Wednesday, 4 May 2016

phi transform of Lenna

So, it has taken some thinking, coding and computing time, but I now have a phi-transform of the edge-enhanced Lenna. I still don't know if this alley will help with image recognition, and I don't have the computing resources to do large scale image recognition, but I might as well document my work. Considering others have done similar things in the past is a hint that I might be heading in the right direction. eg, my average-categorize has some similarity with sparse coding and vector quantization.

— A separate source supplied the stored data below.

lemma integrable_triangle_powr_kernel:
  fixes A B :: "real \<Rightarrow> real"
  assumes e: "0 \<le> e" "e < 1"
    and A [measurable]: "A \<in> borel_measurable borel" and A_int: "set_integrable lborel {a..b} A"
    and B: "continuous_on UNIV B"
  shows "integrable (lborel \<Otimes>\<^sub>M lborel)
           (\<lambda>(s, t). indicator {a..b} s * A s * (indicator {s..b} t * (B t * (t - s) powr (- e))))"
    (is "integrable _ (\<lambda>(s, t). ?F s t)")
proof -
  have [measurable]: "B \<in> borel_measurable borel"
    using B by (rule borel_measurable_continuous_onI)
  have "bounded (B ` {a..b})"
    by (intro compact_imp_bounded compact_continuous_image continuous_on_subset[OF B]) auto
  then obtain M where M: "\<And>t. t \<in> {a..b} \<Longrightarrow> \<bar>B t\<bar> \<le> M"
    by (metis bounded_iff imageI real_norm_def)
  define C where "C = \<bar>M\<bar> * ((b - a) powr (1 - e) / (1 - e))"
  have inner_int: "integrable lborel (\<lambda>t. ?F s t)" for s
    using set_integrable_continuous_mult_powr_kernel[OF e B, of s b]
    by (cases "s \<in> {a..b}") (auto simp: set_integrable_def)
  have bound: "norm (LINT t|lborel. norm (?F s t)) \<le> norm (indicator {a..b} s * \<bar>A s\<bar> * C)" for s
  proof (cases "s \<in> {a..b}")
    case s: True
    have "(LINT t|lborel. norm (?F s t)) =
          \<bar>A s\<bar> * (LINT t|lborel. \<bar>indicator {s..b} t * (B t * (t - s) powr (- e))\<bar>)"
      using s by (simp add: abs_mult)
    also have "\<dots> \<le> \<bar>A s\<bar> * (\<bar>M\<bar> * ((b - s) powr (1 - e) / (1 - e)))"
      using s M by (intro mult_left_mono lebesgue_integral_abs_mult_powr_kernel_le[OF e B])
                   (auto intro: order_trans[OF _ abs_ge_self])
    also have "\<dots> \<le> \<bar>A s\<bar> * C"
      using s e by (auto simp: C_def intro!: mult_left_mono divide_right_mono powr_mono2)
    finally show ?thesis
      using s e by (simp add: C_def)
  qed simp
  have F_meas: "(\<lambda>(s, t). ?F s t) \<in> borel_measurable (lborel \<Otimes>\<^sub>M lborel)"
    by (rule borel_measurable_triangle_powr_kernel) measurable
  have "integrable lborel (\<lambda>s. LINT t|lborel. norm (?F s t))"
  proof (rule Bochner_Integration.integrable_bound[OF _ _ AE_I2[OF bound]])
    show "integrable lborel (\<lambda>s. indicator {a..b} s * \<bar>A s\<bar> * C)"
      using integrable_abs[OF A_int[unfolded set_integrable_def]] by (simp add: abs_mult)
    show "(\<lambda>s. LINT t|lborel. norm (?F s t)) \<in> borel_measurable lborel"
      using F_meas by (intro lborel.borel_measurable_lebesgue_integral) (simp add: case_prod_beta)
  qed
  then show ?thesis
    using lborel_pair.Fubini_integrable[OF F_meas] inner_int by simp
qed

Let's see if I can explain my average categorize in these terms:
-- start with a set of training superpositions, x_i
-- we desire to find an average-categorized set of superpositions phi_i, also called the dictionary
-- initially we have no dictionary superpositions, so set phi_0 to x_0
-- for each x_i, i > 0:
--- find the k that maximizes simm(x_i,phi_k)
--- if simm(x_i,phi_k) >= t, then set phi_k = phi_k + x_i*simm(x_i,phi_k)
--- else: if simm(x_i,phi_k) < t, then add x_i in to the dictionary
Now, let's step through our process and results:
-- start with this image (small Lenna, edge-enhanced 40):
-- map this to a big collection of superpositions, using 10*10 image tiles: $ ./create-image-sw.py 10 small-lenna--edge-enhanced-40.png $ cd sw-examples $ mv image-ngram-superpositions-10.sw small-lenna-edge-40--image-ngram-superpositions-10.sw $ cd .. -- average-categorize with t = 0.7: $ ./the_semantic_db_console.py sa: load small-lenna-edge-40--image-ngram-superpositions-10.sw sa: average-categorize[layer-0,0.7,phi,layer-1] sa: save small-lenna-edge-40--save-average-categorize--0_7.sw -- average-categorize with t = 0.4: $ ./the_semantic_db_console.py sa: load small-lenna-edge-40--image-ngram-superpositions-10.sw sa: average-categorize[layer-0,0.4,phi,layer-1] sa: save small-lenna-edge-40--save-average-categorize--0_4.sw -- filter these largish sw files into just the layer-1 results: $ cd sw-examples $ grep "^layer-1 " small-lenna-edge-40--save-average-categorize--0_7.sw > small-lenna-edge-40--layer-1--0_7.sw $ grep "^layer-1 " small-lenna-edge-40--save-average-categorize--0_4.sw > small-lenna-edge-40--layer-1--0_4.sw $ cd .. -- visualize the average categories (sw file hard-coded into create-sw-images.py for now): $ ./create-sw-images.py $ cd work-on-handwritten-digits/ $ ls -1tr average-categorize-images/* > image-list.txt $ montage -geometry +2+2 @image-list.txt small-lenna-edge-40--average-categorize-0_7.jpg $ ./create-sw-images.py $ cd work-on-handwritten-digits/ $ ls -1tr average-categorize-images/* > image-list.txt $ montage -geometry +2+2 @image-list.txt small-lenna-edge-40--average-categorize-0_4.jpg -- show the results of that: k = 10 (ie 10*10 tiles) t = 0.7 time: 1 week, 2 days how-many layer-0: 44,100 how-many layer-1: 2,435
k = 10 t = 0.4 time: 8 hours, 20 minutes how-many layer-0: 44,100 how-many layer-1: 59
So clearly t = 0.7 is too large, and gives way too many categories. Not to mention, very slow! Whether t = 0.4 is the right size, I'm not sure. But it's probably close. And our k is a free parameter too. I'm now thinking k = 10 is too large. Maybe something in the 4 to 7 range?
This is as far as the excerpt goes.